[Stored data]
lemma card_supersets:
  assumes T: "T \<subseteq> {..<n}" and "card T \<le> u"
  shows "card {S. S \<subseteq> {..<n} \<and> card S = u \<and> T \<subseteq> S} = (n - card T) choose (u - card T)"
proof -
  have "finite T"
    using T finite_subset by blast
  have "bij_betw (\<lambda>S. S - T) {S. S \<subseteq> {..<n} \<and> card S = u \<and> T \<subseteq> S}
          {R. R \<subseteq> {..<n} - T \<and> card R = u - card T}"
  proof (rule bij_betw_byWitness[where f' = "\<lambda>R. R \<union> T"])
    show "(\<lambda>S. S - T) ` {S. S \<subseteq> {..<n} \<and> card S = u \<and> T \<subseteq> S}
            \<subseteq> {R. R \<subseteq> {..<n} - T \<and> card R = u - card T}"
      using \<open>finite T\<close> by (auto simp: card_Diff_subset)
    show "(\<lambda>R. R \<union> T) ` {R. R \<subseteq> {..<n} - T \<and> card R = u - card T}
            \<subseteq> {S. S \<subseteq> {..<n} \<and> card S = u \<and> T \<subseteq> S}"
    proof (rule image_subsetI)
      fix R assume "R \<in> {R. R \<subseteq> {..<n} - T \<and> card R = u - card T}"
      then have R: "R \<subseteq> {..<n} - T" "card R = u - card T"
        by auto
      then have "finite R"
        using finite_subset by blast
      with R \<open>finite T\<close> have "card (R \<union> T) = card R + card T"
        by (intro card_Un_disjoint) auto
      then show "R \<union> T \<in> {S. S \<subseteq> {..<n} \<and> card S = u \<and> T \<subseteq> S}"
        using R T assms(2) by auto
    qed
  qed auto
  then have "card {S. S \<subseteq> {..<n} \<and> card S = u \<and> T \<subseteq> S} = card ({..<n} - T) choose (u - card T)"
    by (simp add: bij_betw_same_card n_subsets)
  then show ?thesis
    using \<open>finite T\<close> T by (simp add: card_Diff_subset)
qed

lemma card_supersets_supp:
  "card {S. S \<subseteq> {..<n} \<and> card S = u \<and> supp n x \<subseteq> S}
     = (if hweight n x \<le> u then (n - hweight n x) choose (u - hweight n x) else 0)"
proof (cases "hweight n x \<le> u")
  case True
  then show ?thesis
    by (simp add: card_supersets[OF supp_subset] hweight_eq_card_supp)
next
  case False
  have "hweight n x \<le> card S" if "S \<subseteq> {..<n}" "supp n x \<subseteq> S" for S
    unfolding hweight_eq_card_supp using that by (meson card_mono finite_lessThan finite_subset)
  with False have "{S. S \<subseteq> {..<n} \<and> card S = u \<and> supp n x \<subseteq> S} = {}"
    by force
  with False show ?thesis
    by (simp only: card.empty if_False)
qed

lemma card_dual_code_within_minus_1:
  "card (dual_code_within n l G S) - 1 = card {x \<in> dual_code n l G. supp n x \<noteq> {} \<and> supp n x \<subseteq> S}"
proof -
  have "{x \<in> dual_code n l G. supp n x \<noteq> {} \<and> supp n x \<subseteq> S} = dual_code_within n l G S - {zero_vec n}"
    by (auto simp: dual_code_within_def dual_code_def supp_eq_empty_iff)
  then show ?thesis
    using finite_dual_code_within zero_vec_in_dual_code_within by (simp add: card_Diff_singleton)
qed

lemma sum_card_dual_code_within:
  assumes "0 < dmin n l G"
  shows "(\<Sum>S | S \<subseteq> {..<n} \<and> card S = u. card (dual_code_within n l G S) - 1)
       = (\<Sum>w = dmin n l G..u. Bw n l G w * ((n - w) choose (u - w)))"
proof -
  define Sets where "Sets = {S. S \<subseteq> {..<n} \<and> card S = u}"
  define ND where "ND = {x \<in> dual_code n l G. supp n x \<noteq> {}}"
  define f where "f w = (n - w) choose (u - w)" for w
  have finSets: "finite Sets"
    by (rule finite_subset[of _ "Pow {..<n}"]) (auto simp: Sets_def)
  have finND: "finite ND"
    using finite_dual_code by (rule finite_subset[rotated]) (auto simp: ND_def)
  have weight_class: "{x\<in>{x\<in>ND. hweight n x \<le> u}. hweight n x = w} = {x \<in> dual_code n l G. hweight n x = w}"
    if "w \<in> {dmin n l G..u}" for w
    using that assms by (auto simp: ND_def hweight_eq_card_supp)
  have "(\<Sum>S\<in>Sets. card (dual_code_within n l G S) - 1) = (\<Sum>S\<in>Sets. card {x\<in>ND. supp n x \<subseteq> S})"
    unfolding card_dual_code_within_minus_1 by (simp add: ND_def conj_assoc)
  also have "\<dots> = (\<Sum>x\<in>ND. card {S\<in>Sets. supp n x \<subseteq> S})"
    using sum.swap_restrict[OF finSets finND, of "\<lambda>_ _. 1::nat" "\<lambda>S x. supp n x \<subseteq> S"] by simp
  also have "\<dots> = (\<Sum>x\<in>{x\<in>ND. hweight n x \<le> u}. f (hweight n x))"
    using card_supersets_supp[of n u] by (simp add: Sets_def f_def conj_assoc sum.inter_filter[OF finND])
  also have "\<dots> = (\<Sum>w = dmin n l G..u. \<Sum>x\<in>{x\<in>{x\<in>ND. hweight n x \<le> u}. hweight n x = w}. f (hweight n x))"
  proof (rule sum.group[symmetric])
    show "finite {x\<in>ND. hweight n x \<le> u}"
      using finND by simp
    show "hweight n ` {x\<in>ND. hweight n x \<le> u} \<subseteq> {dmin n l G..u}"
      using dmin_le_hweight[of _ n l G] by (force simp: ND_def)
  qed simp
  also have "\<dots> = (\<Sum>w = dmin n l G..u. Bw n l G w * f w)"
  proof (rule sum.cong[OF refl])
    fix w assume "w \<in> {dmin n l G..u}"
    then show "(\<Sum>x\<in>{x\<in>{x\<in>ND. hweight n x \<le> u}. hweight n x = w}. f (hweight n x)) = Bw n l G w * f w"
      unfolding weight_class[OF \<open>w \<in> {dmin n l G..u}\<close>] by (simp add: Bw_def)
  qed
  finally show ?thesis
    by (simp add: Sets_def f_def)
qed

lemma one_minus_inverse_eq_half: "0 < c \<Longrightarrow> c \<le> 2 \<Longrightarrow> 1 - 1 / real c = real (c - 1) / 2"
  by (cases "c = 1") (auto simp: numeral_2_eq_2 le_Suc_eq)

lemma one_minus_inverse_le:
  assumes "0 < c"
  shows "1 - 1 / real c \<le> real (c - 1)"
proof (cases "c = 1")
  case False
  with assms have "1 \<le> real (c - 1)"
    by simp
  moreover have "1 - 1 / real c \<le> 1"
    by simp
  ultimately show ?thesis
    by linarith
qed simp

lemma real_sum_card_dual_code_within:
  assumes "0 < dmin n l G"
  shows "(\<Sum>S | S \<subseteq> {..<n} \<and> card S = u. real (card (dual_code_within n l G S) - 1))
       = (\<Sum>w = dmin n l G..u. real (Bw n l G w) * real ((n - w) choose (u - w)))"
  using arg_cong[OF sum_card_dual_code_within[OF assms, of u], of real] by simp

lemma fail_prob_eq_0:
  assumes "u \<le> n" "u < dmin n l G0"
  shows "fail_prob n l k G0 G1 m u = 0"
proof -
  have "card (dual_code_within n l G0 S) = 1" if "S \<subseteq> {..<n}" "card S = u" for S
  proof -
    have "finite S"
      using that(1) finite_subset by blast
    with that(2) assms(2) show ?thesis
      by (simp add: dual_code_within_eq_zero)
  qed
  then show ?thesis
    by (simp add: fail_prob_eq_average[OF assms(1)])
qed

lemma fail_prob_eq_half_weight_sum:
  assumes "u \<le> n" "0 < dmin n l G0" "2 * u < 3 * dmin n l G0"
  shows "fail_prob n l k G0 G1 m u =
    1/2 * ((\<Sum>w = dmin n l G0..u. real (Bw n l G0 w) * real ((n - w) choose (u - w))) / real (n choose u))"
proof -
  have pointwise: "1 - 1 / real (card (dual_code_within n l G0 S)) = real (card (dual_code_within n l G0 S) - 1) / 2"
    if "S \<subseteq> {..<n}" "card S = u" for S
  proof -
    have "finite S"
      using that(1) finite_subset by blast
    with that(2) assms(3) have "card (dual_code_within n l G0 S) \<le> 2"
      by (simp add: card_dual_code_within_le_2)
    then show ?thesis
      by (simp add: one_minus_inverse_eq_half card_dual_code_within_pos)
  qed
  have average: "(\<Sum>S | S \<subseteq> {..<n} \<and> card S = u. 1 - 1 / real (card (dual_code_within n l G0 S)))
      = (\<Sum>S | S \<subseteq> {..<n} \<and> card S = u. real (card (dual_code_within n l G0 S) - 1)) / 2"
    unfolding sum_divide_distrib by (rule sum.cong) (simp_all add: pointwise)
  show ?thesis
    unfolding fail_prob_eq_average[OF assms(1)] real_sum_card_dual_code_within[OF assms(2), symmetric] average
    by simp
qed

lemma fail_prob_le_weight_sum:
  assumes "u \<le> n" "0 < dmin n l G0"
  shows "fail_prob n l k G0 G1 m u \<le>
    (\<Sum>w = dmin n l G0..u. real (Bw n l G0 w) * real ((n - w) choose (u - w))) / real (n choose u)"
  unfolding fail_prob_eq_average[OF assms(1)] real_sum_card_dual_code_within[OF assms(2), symmetric]
  by (intro divide_right_mono sum_mono one_minus_inverse_le card_dual_code_within_pos) simp

theorem theorem2:
  fixes n l k u :: nat and G0 G1 :: "nat \<Rightarrow> nat \<Rightarrow> bit" and m :: "nat \<Rightarrow> bit"
  assumes "\<exists>x \<in> dual_code n l G0. \<exists>i<n. x i \<noteq> 0"
    and "1 \<le> u" and "u \<le> n"
  defines "d0 \<equiv> dmin n l G0"
  defines "t0 \<equiv> (d0 - 1) div 2"
  defines "S \<equiv> (\<Sum>w=d0..u. real (Bw n l G0 w) * real ((n - w) choose (u - w))) / real (n choose u)"
  shows "(u < d0 \<longrightarrow> fail_prob n l k G0 G1 m u = 0)
       \<and> (d0 \<le> u \<and> u \<le> d0 + t0 \<longrightarrow> fail_prob n l k G0 G1 m u = 1/2 * S)
       \<and> (d0 + t0 < u \<longrightarrow> fail_prob n l k G0 G1 m u \<le> min S 1)"
proof -
  have d0_pos: "0 < d0"
    unfolding d0_def by (rule dmin_pos[OF assms(1)])
  have "u \<le> d0 + t0 \<Longrightarrow> 2 * u < 3 * d0"
    using d0_pos unfolding t0_def by linarith
  moreover have "fail_prob n l k G0 G1 m u \<le> 1"
    unfolding fail_prob_def by (rule measure_pmf.prob_le_1)
  ultimately show ?thesis
    using assms(3) d0_pos fail_prob_eq_0 fail_prob_eq_half_weight_sum fail_prob_le_weight_sum
    unfolding S_def d0_def by simp
qed

end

(Problem to work on):
Once you find the line containing "l G0. \<exists>i<n.", copy it and every line after it through the end of the records, exactly as they stand.

(Final answer):
  assumes "\<exists>x \<in> dual_code n l G0. \<exists>i<n. x i \<noteq> 0"
    and "1 \<le> u" and "u \<le> n"
  defines "d0 \<equiv> dmin n l G0"
  defines "t0 \<equiv> (d0 - 1) div 2"
  defines "S \<equiv> (\<Sum>w=d0..u. real (Bw n l G0 w) * real ((n - w) choose (u - w))) / real (n choose u)"
  shows "(u < d0 \<longrightarrow> fail_prob n l k G0 G1 m u = 0)
       \<and> (d0 \<le> u \<and> u \<le> d0 + t0 \<longrightarrow> fail_prob n l k G0 G1 m u = 1/2 * S)
       \<and> (d0 + t0 < u \<longrightarrow> fail_prob n l k G0 G1 m u \<le> min S 1)"
proof -
  have d0_pos: "0 < d0"
    unfolding d0_def by (rule dmin_pos[OF assms(1)])
  have "u \<le> d0 + t0 \<Longrightarrow> 2 * u < 3 * d0"
    using d0_pos unfolding t0_def by linarith
  moreover have "fail_prob n l k G0 G1 m u \<le> 1"
    unfolding fail_prob_def by (rule measure_pmf.prob_le_1)
  ultimately show ?thesis
    using assms(3) d0_pos fail_prob_eq_0 fail_prob_eq_half_weight_sum fail_prob_le_weight_sum
    unfolding S_def d0_def by simp
qed

end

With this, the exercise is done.